### What you need to do:
Examine each line of the data. Copy the line if it includes the word "imports".

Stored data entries
--- START ---

(* Let $w_r \ge w_c \ge 2$ be integers and let $H_{\mathrm{reg}}$ be the bipartite graph constructed from $(w_c,w_r)$ as described in the context. Then the girth of $H_{\mathrm{reg}}$ is $8$, and the binary linear code whose parity-check matrix is the check-node-by-variable-node incidence matrix of $H_{\mathrm{reg}}$ has minimum distance $d_{\min} = 2^{w_c}$.
   Context: The graph $H_{\mathrm{reg}}$ is a bipartite graph between "variable nodes" and "check nodes", built as follows from integers $w_r \ge w_c \ge 2$. (1) Base tree $H_{\mathrm{base}}$: a root check node is adjacent to $w_r$ variable nodes $v_{1,0},\dots,v_{w_r,0}$. Each $v_{i,0}$ has $w_c-1$ further (child) check nodes, and each of these child check nodes has $w_r-1$ further (child) variable nodes. The $(w_c-1)(w_r-1)$ variable nodes below $v_{i,0}$ are labelled $v_{i,1},\dots,v_{i,(w_c-1)(w_r-1)}$, where for $k=1,\dots,w_c-1$ the nodes $v_{i,(k-1)(w_r-1)+1},\dots,v_{i,k(w_r-1)}$ are the children of the $k$-th child check node of $v_{i,0}$. These nodes $v_{i,j}$ with $j\ge 1$ are called last-layer variable nodes. (2) For each $j=1,\dots,(w_c-1)(w_r-1)$ add a new check node $c_j$ adjacent to $v_{1,j},v_{2,j},\dots,v_{w_r,j}$. Call the resulting graph $G_0$. (3) If $w_c \ge 3$, for $s=1,\dots,w_c-2$: let $G_s$ consist of $w_r$ disjoint copies of $G_{s-1}$, together with, for every last-layer variable node $u$ of $G_{s-1}$ (i.e. every variable node of $G_{s-1}$ coming from a last-layer variable node of some copy of $H_{\mathrm{base}}$), one new check node adjacent to the $w_r$ copies of $u$. Finally $H_{\mathrm{reg}} = G_{w_c-2}$. The girth of a graph is the length of its shortest cycle. The code associated with $H_{\mathrm{reg}}$ is the set of binary vectors indexed by variable nodes whose support meets every check node's neighbourhood in an even number of vertices; $d_{\min}$ is the minimum Hamming weight of a nonzero codeword. *)

theory Defs
  imports Main "HOL-Library.Extended_Nat"
begin
lemma strongly_monotone_has_zero:
  fixes F :: "'a::euclidean_space \<Rightarrow> 'a"
  assumes mono: "strongly_monotone \<mu> F" and "\<mu> > 0"
    and der: "\<And>z. (F has_derivative F' z) (at z)"
  shows "\<exists>z. F z = 0"
proof -
  have cont: "continuous_on UNIV F"
    using der by (meson continuous_at_imp_continuous_on has_derivative_continuous)
  define S where "S = {z. norm (F z) \<le> norm (F 0)}"
  have "closed S"
    unfolding S_def by (intro closed_Collect_le continuous_intros cont)
  moreover have "bounded S"
    using strongly_monotone_norm_le_imp_dist_le[OF mono \<open>\<mu> > 0\<close>, of _ 0]
    by (intro boundedI[where B = "2 * norm (F 0) / \<mu>"]) (simp add: S_def)
  ultimately have "compact S" by (simp add: compact_eq_bounded_closed)
  moreover have "0 \<in> S" by (simp add: S_def)
  moreover have "continuous_on S (\<lambda>z. norm (F z))"
    by (intro continuous_intros continuous_on_subset[OF cont]) simp
  ultimately obtain zmin where "zmin \<in> S" and min_S: "\<And>z. z \<in> S \<Longrightarrow> norm (F zmin) \<le> norm (F z)"
    using continuous_attains_inf[of S "\<lambda>z. norm (F z)"] by blast
  have min: "F zmin \<bullet> F zmin \<le> F z \<bullet> F z" for z
  proof (cases "z \<in> S")
    case True
    then show ?thesis using min_S[of z] by (simp add: norm_le)
  next
    case False
    then show ?thesis using \<open>zmin \<in> S\<close> by (simp add: S_def norm_le)
  qed
  have "((\<lambda>z. F z \<bullet> F z) has_derivative (\<lambda>h. F zmin \<bullet> F' zmin h + F' zmin h \<bullet> F zmin)) (at zmin)"
    by (auto intro!: derivative_eq_intros der)
  then have "(\<lambda>h. F zmin \<bullet> F' zmin h + F' zmin h \<bullet> F zmin) = (\<lambda>h. 0)"
    by (rule has_derivative_local_min) (simp add: min)
  then have "F' zmin (F zmin) \<bullet> F zmin = 0"
    by (metis (mono_tags) inner_commute mult_2 mult_eq_0_iff zero_neq_numeral)
  with strongly_monotone_derivative[OF mono der[of zmin], of "F zmin"] \<open>\<mu> > 0\<close> have "F zmin = 0"
    by (simp add: mult_le_0_iff)
  then show ?thesis ..
qed
text \<open>Gronwall: the weight \<open>exp (-2 M t)\<close>, with \<open>M\<close> bounding \<open>\<bar>c\<bar>\<close> on \<open>[0, T]\<close>,
  makes \<open>d\<^sup>2\<close> non-increasing there.\<close>
lemma linear_ODE_zero_init_imp_zero:
  fixes d c :: "real \<Rightarrow> real"
  assumes d0: "d 0 = 0"
    and d': "\<And>t. 0 \<le> t \<Longrightarrow> (d has_real_derivative c t * d t) (at t within {0..})"
    and c: "continuous_on {0..} c" and T: "0 \<le> T"
  shows "d T = 0"
proof -
  have "bounded (c ` {0..T})"
    by (intro compact_imp_bounded compact_continuous_image continuous_on_subset[OF c]) auto
  then obtain M where M: "\<forall>t\<in>{0..T}. \<bar>c t\<bar> \<le> M"
    unfolding bounded_iff by auto
  define f where "f t = (d t)^2 * exp (-2*M*t)" for t
  have f_cont: "continuous_on {0..T} f" unfolding f_def
    by (intro continuous_intros continuous_on_subset[OF DERIV_continuous_on[OF d']]) auto
  have "f T \<le> f 0"
  proof (rule DERIV_nonpos_imp_decreasing_open[OF T _ f_cont])
    fix x assume x: "0 < x" "x < T"
    have dx: "(d has_real_derivative c x * d x) (at x)"
      using DERIV_atLeast_imp_DERIV_at[OF x(1) d'] x by simp
    have "(f has_real_derivative 2 * (d x)^2 * exp (-2*M*x) * (c x - M)) (at x)"
      unfolding f_def
      by (rule derivative_eq_intros dx refl)+
         (simp add: algebra_simps power2_eq_square)
    moreover have "2 * (d x)^2 * exp (-2*M*x) * (c x - M) \<le> 0"
      using M[rule_format, of x] x by (intro mult_nonneg_nonpos) auto
    ultimately show "\<exists>y. (f has_real_derivative y) (at x) \<and> y \<le> 0" by blast
  qed
  then show "d T = 0" using d0 by (simp add: f_def mult_le_0_iff)
qed
(* Consider a Bayesian network with source $X$ as in the context, and let $W$ be a node and $V$ a set of nodes with $W\notin V$, $W\ne X$ and $W>v$ for all $v\in V$. Then $$\eta_{\mathrm{TV}}(P_{V\cup\{W\}|X})\le(1-\eta_W)\,\eta_{\mathrm{TV}}(P_{V|X})+\eta_W\,\eta_{\mathrm{TV}}(P_{V\cup\mathrm{pa}(W)|X}),$$ where $\eta_W=\eta_{\mathrm{TV}}(P_{Y_W|Y_{\mathrm{pa}(W)}})$. Moreover, for every set of nodes $V$, $\eta_{\mathrm{TV}}(P_{V|X})\le\mathrm{perc}(V)$, where percolation uses removal probabilities $1-\eta_{\mathrm{TV}}(P_{Y_v|Y_{\mathrm{pa}(v)}})$. In particular, if all these node coefficients are $<1$ then $\eta_{\mathrm{TV}}(P_{V|X})<1$ for every $V$ not containing $X$.
   Context: Bayesian network: finite directed acyclic graph whose vertices are random variables $Y_v$ on finite alphabets, each non-source vertex $v$ with a kernel $P_{Y_v|Y_{\mathrm{pa}(v)}}$ from its parents $\mathrm{pa}(v)$; a distinguished parentless source $X$; vertices topologically sorted ($v_1>v_2$ implies no directed path from $v_1$ to $v_2$). $P_{V|X}$ is the induced kernel from $X$ to $(Y_v)_{v\in V}$. Total variation $d_{\mathrm{TV}}(P,Q)=\sup_E|P(E)-Q(E)|$. Dobrushin coefficient: $\eta_{\mathrm{TV}}(K)=\sup_{x,x'}d_{\mathrm{TV}}(K(\cdot|x),K(\cdot|x'))$ (equivalently the supremum of $d_{\mathrm{TV}}(K\circ P,K\circ Q)/d_{\mathrm{TV}}(P,Q)$). Site percolation: each node $v\ne X$ independently removed with probability $1-\eta_v$ ($X$ never removed; parentless nodes other than $X$ are removed); $\mathrm{perc}(V)$ is the probability of a directed path of non-removed nodes from $X$ to some node in $V$. *)

theory Defs
  imports "HOL-Analysis.Analysis"
begin

definition tv_dist :: "'b set \<Rightarrow> ('b \<Rightarrow> real) \<Rightarrow> ('b \<Rightarrow> real) \<Rightarrow> real" where
  "tv_dist S p q = (SUP E \<in> Pow S. \<bar>(\<Sum>e\<in>E. p e) - (\<Sum>e\<in>E. q e)\<bar>)"

definition dobrushin :: "'i set \<Rightarrow> 'b set \<Rightarrow> ('i \<Rightarrow> 'b \<Rightarrow> real) \<Rightarrow> real" where
  "dobrushin I S K = (SUP p \<in> I \<times> I. tv_dist S (K (fst p)) (K (snd p)))"

text \<open>Bayesian network on nodes 0..n-1 (topologically sorted: parents are smaller),
  source X, parent sets pa, finite nonempty alphabets A v, kernels K v, where
  K v c b is the probability that Y_v = b given parent configuration c (a function on pa v).\<close>
definition bayes_net ::
  "nat \<Rightarrow> nat \<Rightarrow> (nat \<Rightarrow> nat set) \<Rightarrow> (nat \<Rightarrow> 'a set) \<Rightarrow> (nat \<Rightarrow> (nat \<Rightarrow> 'a) \<Rightarrow> 'a \<Rightarrow> real) \<Rightarrow> bool"
  where
  "bayes_net n X pa A K \<longleftrightarrow>
     X < n \<and> pa X = {} \<and>
     (\<forall>v<n. pa v \<subseteq> {..<v}) \<and>
     (\<forall>v<n. finite (A v) \<and> A v \<noteq> {}) \<and>
     (\<forall>v<n. v \<noteq> X \<longrightarrow>
        (\<forall>c \<in> PiE (pa v) A. (\<forall>b\<in>A v. 0 \<le> K v c b) \<and> (\<Sum>b\<in>A v. K v c b) = 1))"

--- END ---

### Exercise answer:
  imports Main "HOL-Library.Extended_Nat"
  imports "HOL-Analysis.Analysis"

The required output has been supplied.